Kari checked the interview transcripts later and confirmed it. Sheffield had mentioned Ashford by name in his first FBI interview. The lead had been noted but not pursued—a single line in a field report, categorized under “collector activity” and never assigned for follow-up.

Marshall’s team hadn’t missed the name. They’d deprioritized it.

A wealthy collector overbidding at auctions wasn’t suspicious behavior in a world where wealthy collectors overbid at auctions all the time.

Without the context Kari had gathered—the gallery visits, the personal questions, the tears, the tremor, the desperation that escalated over months—Ashford was just another rich man buying art.

With that context, he was something else entirely.

“I need everything you have on Ashford,” Kari told Sheffield. “Auction records, gallery purchases, any correspondence, any secondhand information from other dealers. And I need the names of anyone else who’s had direct contact with him.”

“I’ll have it for you by tomorrow.” Sheffield stood, and for a moment the gallery owner’s polish fell away and Kari saw the man underneath—tired, grieving, angry at himself for not connecting the dots sooner. “Find him, Detective. Before he does this to someone else.”

Outside, the afternoon sun was low enough to cast long shadows down the side street.

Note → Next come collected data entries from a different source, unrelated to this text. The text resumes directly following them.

lemma sets_Collect_convergent_lim:
  fixes X :: "nat \<Rightarrow> 'a \<Rightarrow> real"
  assumes "\<And>t. 0 < t \<Longrightarrow> X t \<in> borel_measurable M" and "S \<in> sets borel"
  shows "{\<omega> \<in> space M. convergent (\<lambda>t. X t \<omega>) \<and> lim (\<lambda>t. X t \<omega>) \<in> S} \<in> sets M"
proof -
  have [measurable]: "(\<lambda>\<omega>. X (Suc t) \<omega>) \<in> borel_measurable M" for t
    using assms(1) by simp
  have "{\<omega> \<in> space M. convergent (\<lambda>t. X t \<omega>) \<and> lim (\<lambda>t. X t \<omega>) \<in> S}
      = {\<omega> \<in> space M. Cauchy (\<lambda>t. X (Suc t) \<omega>)} \<inter> ((\<lambda>\<omega>. lim (\<lambda>t. X (Suc t) \<omega>)) -` S \<inter> space M)"
  proof -
    have "convergent (\<lambda>t. X (Suc t) \<omega>) \<longleftrightarrow> convergent (\<lambda>t. X t \<omega>)" for \<omega>
      using convergent_Suc_iff[of "\<lambda>t. X t \<omega>"] by simp
    moreover have "lim (\<lambda>t. X (Suc t) \<omega>) = lim (\<lambda>t. X t \<omega>)" for \<omega>
      using filterlim_sequentially_Suc[of "\<lambda>t. X t \<omega>"] by (simp add: lim_def)
    ultimately show ?thesis by (auto simp: Cauchy_convergent_iff)
  qed
  also have "\<dots> \<in> sets M"
    using assms(2) by (intro sets.Int sets_Collect_Cauchy measurable_sets[of _ _ borel]) auto
  finally show ?thesis .
qed
lemma CHAR2_three_points_moments_0_1_4_5:
  fixes s t r v w z :: "'a::idom"
  assumes char: "CHAR('a) = 2" and "s \<noteq> t" "t \<noteq> r" "s \<noteq> r"
    and m0: "v + w + z = 0"
    and m1: "v * s + w * t + z * r = 0"
    and m4: "v * s ^ 4 + w * t ^ 4 + z * r ^ 4 = 0"
    and m5: "v * s ^ 5 + w * t ^ 5 + z * r ^ 5 = 0"
  shows "v = 0 \<and> w = 0 \<and> z = 0"
proof -
  \<comment> \<open>Translating all points by r keeps the moments 1 and 5 zero and removes the third point.\<close>
  have rr: "r + r = 0"
    using CHAR2_add_self[OF char] .
  have shift5: "(a + r) ^ 5 = a ^ 5 + r * a ^ 4 + r ^ 4 * a + r ^ 5" for a
  proof -
    have "(a + r) ^ 5 = (a + r) ^ 4 * (a + r)"
      by (simp add: eval_nat_numeral)
    also have "\<dots> = (a ^ 4 + r ^ 4) * (a + r)"
      using CHAR2_power_two_pow_add[OF char, of a r 2] by simp
    finally show ?thesis
      by (simp add: algebra_simps eval_nat_numeral)
  qed
  have "v * (s + r) + w * (t + r) = v * (s + r) + w * (t + r) + z * (r + r)"
    by (simp add: rr)
  also have "\<dots> = (v * s + w * t + z * r) + r * (v + w + z)"
    by (simp add: algebra_simps)
  finally have shifted1: "v * (s + r) + w * (t + r) = 0"
    using m0 m1 by simp
  have "v * (s + r) ^ 5 + w * (t + r) ^ 5 = v * (s + r) ^ 5 + w * (t + r) ^ 5 + z * (r + r) ^ 5"
    by (simp add: rr)
  also have "\<dots> = (v * s ^ 5 + w * t ^ 5 + z * r ^ 5) + r * (v * s ^ 4 + w * t ^ 4 + z * r ^ 4)
      + r ^ 4 * (v * s + w * t + z * r) + r ^ 5 * (v + w + z)"
    by (simp only: shift5) (simp add: algebra_simps)
  finally have shifted5: "v * (s + r) ^ 5 + w * (t + r) ^ 5 = 0"
    using m0 m1 m4 m5 by simp
  have "s + r \<noteq> 0" "t + r \<noteq> 0" "s + r \<noteq> t + r"
    using assms(2-4) CHAR2_add_eq_0_iff[OF char] by auto
  then have "v = 0 \<and> w = 0"
    using CHAR2_two_points_moments_1_5[OF char _ _ _ shifted1 shifted5] by simp
  then show ?thesis
    using m0 by simp
qed
(* Let $\mathscr P$ be a finite collection of finite posets. If $\sum_{P\in\mathscr P}K_P(\mathbf x)$ is a symmetric function, then it is $p$-positive, i.e. it is a linear combination of power sum symmetric functions $p_\lambda$ with nonnegative coefficients.
   Context: For a finite poset $P$, $K_P(\mathbf x)=\sum_f\prod_{x\in P}x_{f(x)}$, summed over all maps $f:P\to\mathbb Z_{>0}$ with $x<_Py\Rightarrow f(x)\le f(y)$; this is a quasisymmetric function in $\mathbf x=(x_1,x_2,\dots)$. $p_\lambda$ denotes the power sum symmetric function. *)

theory Defs
  imports Main "HOL-Library.Multiset" "HOL-Library.FuncSet" Complex_Main
begin

text \<open>Formal power series in the variables x_1, x_2, ... (indexed by positive
naturals) with real coefficients are represented by their coefficient function:
a monomial x_{i_1} x_{i_2} ... x_{i_k} is the multiset {#i_1,...,i_k#} of
positive naturals, and a series F is the map sending a monomial to its
coefficient.\<close>

type_synonym series = "nat multiset \<Rightarrow> real"

definition K_poset :: "'a set \<Rightarrow> 'a rel \<Rightarrow> series" where
  "K_poset A R m = real (card {f \<in> A \<rightarrow>\<^sub>E {0<..}.
       (\<forall>x\<in>A. \<forall>y\<in>A. (x, y) \<in> R \<and> x \<noteq> y \<longrightarrow> f x \<le> f y)
       \<and> image_mset f (mset_set A) = m})"

definition series_mult :: "series \<Rightarrow> series \<Rightarrow> series" where
  "series_mult F G m = (\<Sum>m1\<in>{m1. m1 \<subseteq># m}. F m1 * G (m - m1))"

definition series_one :: series where
  "series_one m = (if m = {#} then 1 else 0)"

definition power_sum :: "nat \<Rightarrow> series" where
  "power_sum k m = (if \<exists>i>0. m = replicate_mset k i then 1 else 0)"

fun power_sum_list :: "nat list \<Rightarrow> series" where
  "power_sum_list [] = series_one"
| "power_sum_list (k # ks) = series_mult (power_sum k) (power_sum_list ks)"

definition power_sum_part :: "nat multiset \<Rightarrow> series" where
  "power_sum_part lam = power_sum_list (sorted_list_of_multiset lam)"

definition is_partition :: "nat multiset \<Rightarrow> bool" where
  "is_partition lam \<longleftrightarrow> 0 \<notin># lam"

definition symmetric_series :: "series \<Rightarrow> bool" where
  "symmetric_series F \<longleftrightarrow>
     (\<forall>\<sigma>. bij_betw \<sigma> {0<..} {0<..} \<longrightarrow>
        (\<forall>m. set_mset m \<subseteq> {0<..} \<longrightarrow> F (image_mset \<sigma> m) = F m))"

definition p_positive :: "series \<Rightarrow> bool" where
  "p_positive F \<longleftrightarrow> (\<exists>S c. finite S \<and> (\<forall>lam\<in>S. is_partition lam \<and> c lam \<ge> (0::real))
       \<and> F = (\<lambda>m. \<Sum>lam\<in>S. c lam * power_sum_part lam m))"

end

theory Submission
  imports Defs
begin

text \<open>
  Work with weighted posets (X, R, w): the coefficient of a monomial m in K_(X,R,w) counts the
  order-preserving f : X \<rightarrow> \<nat> whose monomial \<Prod>x\<in>X. x_{f x}^{w x} is m.  K_P is the case w = 1,
  and p_lam is the case of an antichain whose weights are the parts of lam.

  For a composition alpha, the linear functional phi_alpha sends F to the sum, over compositions
  g_i of alpha_i, of \<Prod>_i (-1)^{l(g_i)-1} last(g_i) times the coefficient of x_1^{c_1} x_2^{c_2} ...
  in F, where c = g_1 @ g_2 @ ....  Splitting a P-partition along the order ideal of its small
  values, together with the cancellation \<Sum>_E \<Sum>_g (-1)^{l(g)} [x^g] K_E = [X = {}] over the order
  ideals E of X, shows that phi_alpha(K_(X,R,w)) is a sum over chains of order ideals whose
  successive layers have weights alpha_1, alpha_2, ... and each have a minimum, weighted by the
  weights of these minima.  Hence it is nonnegative, and for an antichain with weights lam it is
  positive exactly when lam = alpha.

  A symmetric series of bounded degree is a combination \<Sum> c_lam p_lam, by triangularity of the
  p_lam at the canonical monomials x_1^{lam_1} x_2^{lam_2} ....  Applying phi_mu to
  \<Sum>_P K_P = \<Sum> c_lam p_lam gives a nonnegative number on the left and c_mu times a positive number
  on the right.
\<close>

definition weighted_image :: "'a set \<Rightarrow> ('a \<Rightarrow> nat) \<Rightarrow> ('a \<Rightarrow> 'b) \<Rightarrow> 'b multiset" where
  "weighted_image X w f = (\<Sum>x\<in>X. replicate_mset (w x) (f x))"
(* Let $K\subseteq\mathcal I_{int}$ be finite, let $A=(Q,\mathsf{init},2^{\Sigma\cup K\cup\{\mathsf{anch}\}},\delta,F)$ be an NFA whose language consists of collapsed $K$-interval words over $\Sigma$, and let $\mathsf{seq}$ be a type over $K$. Then every word accepted by $A_{\mathsf{seq}}$ is a normalized word of type $\mathsf{seq}$, i.e. $L(A_{\mathsf{seq}})\subseteq\mathsf{Norm}(W_{\mathsf{seq}})$.
   Context: Fix a finite set $\Sigma$ of propositions; $\mathcal I_{int}$ is the set of open, half-open or closed real intervals with endpoints in $\mathbb Z\cup\{-\infty,\infty\}$. Interval words: for finite $K\subseteq\mathcal I_{int}$ and a fresh symbol $\mathsf{anch}$, a $K$-interval word over $\Sigma$ is a finite word $w=a_1\cdots a_n$ with $a_j\subseteq\Sigma\cup K\cup\{\mathsf{anch}\}$ such that exactly one position $i$, denoted $\mathsf{anch}(w)$, has $\mathsf{anch}\in a_i$, and $a_i\subseteq\Sigma\cup\{\mathsf{anch}\}$ there. Position $j$ is $I$-time restricted iff $I\in a_j$. $w$ is collapsed iff every $a_j$ contains at most one element of $K$. $\mathsf{first}(w,I)$, $\mathsf{last}(w,I)$ are the least and greatest $I$-time restricted positions ($\bot$ if none). For a collapsed $K$-interval word $w$, $\mathsf{Norm}(w)$ is the $K$-interval word $b_1\cdots b_n$ with $b_j\cap(\Sigma\cup\{\mathsf{anch}\})=a_j\cap(\Sigma\cup\{\mathsf{anch}\})$ and, for $I\in K$, $I\in b_j$ iff $j\in\{\mathsf{first}(w,I),\mathsf{last}(w,I)\}$; for a set $L$ of words, $\mathsf{Norm}(L)=\{\mathsf{Norm}(w):w\in L\}$. Types: for a collapsed $K$-interval word $w$, let $\mathsf{Boundary}(w)$ be the set of positions that are $\mathsf{anch}(w)$ or equal to $\mathsf{first}(w,I)$ or $\mathsf{last}(w,I)$ for some $I\in K$; listing them as $p_1<\dots<p_m$, the type of $w$ is the word $c_1\cdots c_m$ over $K\cup\{\mathsf{anch}\}$ where $c_k$ is the unique element of $a_{p_k}\setminus\Sigma$. A type over $K$ is any word over $K\cup\{\mathsf{anch}\}$ arising this way (it contains $\mathsf{anch}$ exactly once and each $I\in K$ at most twice). $W_{\mathsf{seq}}$ is the set of collapsed $K$-interval words of type $\mathsf{seq}$. The automaton $A_{\mathsf{seq}}$: for $A$ as in the claim and a type $\mathsf{seq}=c_1\cdots c_m$, $A_{\mathsf{seq}}=(Q\times\{1,\dots,m+1\},(\mathsf{init},1),2^{\Sigma\cup K\cup\{\mathsf{anch}\}},\delta_{\mathsf{seq}},F\times\{m+1\})$ where, for $q\in Q$ and a letter $S$: for $1\le i\le m$, (i) if $c_i\in S$ then $\delta_{\mathsf{seq}}((q,i),S)=\delta(q,S)\times\{i+1\}$; (ii) if $c_i\notin S$ and $S\not\subseteq\Sigma$ then $\delta_{\mathsf{seq}}((q,i),S)=\emptyset$; (iii) if $S\subseteq\Sigma$ then $\delta_{\mathsf{seq}}((q,i),S)=\big(\delta(q,S)\cup\bigcup_{I'\in K_i}\delta(q,S\cup\{I'\})\big)\times\{i\}$, where $K_i=\{I'\in K:\exists i'<i\le i''\text{ with }c_{i'}=c_{i''}=I'\}$; and $\delta_{\mathsf{seq}}((q,m+1),S)=\delta(q,S)\times\{m+1\}$ if $S\subseteq\Sigma$ and $\emptyset$ otherwise. *)

theory Defs
  imports Complex_Main
begin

Attcity walked beside her in silence until they reached the car.

“Ashford’s name was in the file the whole time,” he said.

“Buried in a paragraph that nobody read twice.”

“Marshall’s going to be upset.”

"Marshall's going to run his name through every database we have access to.

And then we're going to find out where Gregory Ashford lives and what's inside his house.

" Kari got in the car and pulled the door shut.

"Call Soto. Tell him I need a full background on Gregory Ashford—real estate, financials, and medical records, if he can get them. Everything."

Attcity was on the phone before she’d started the engine.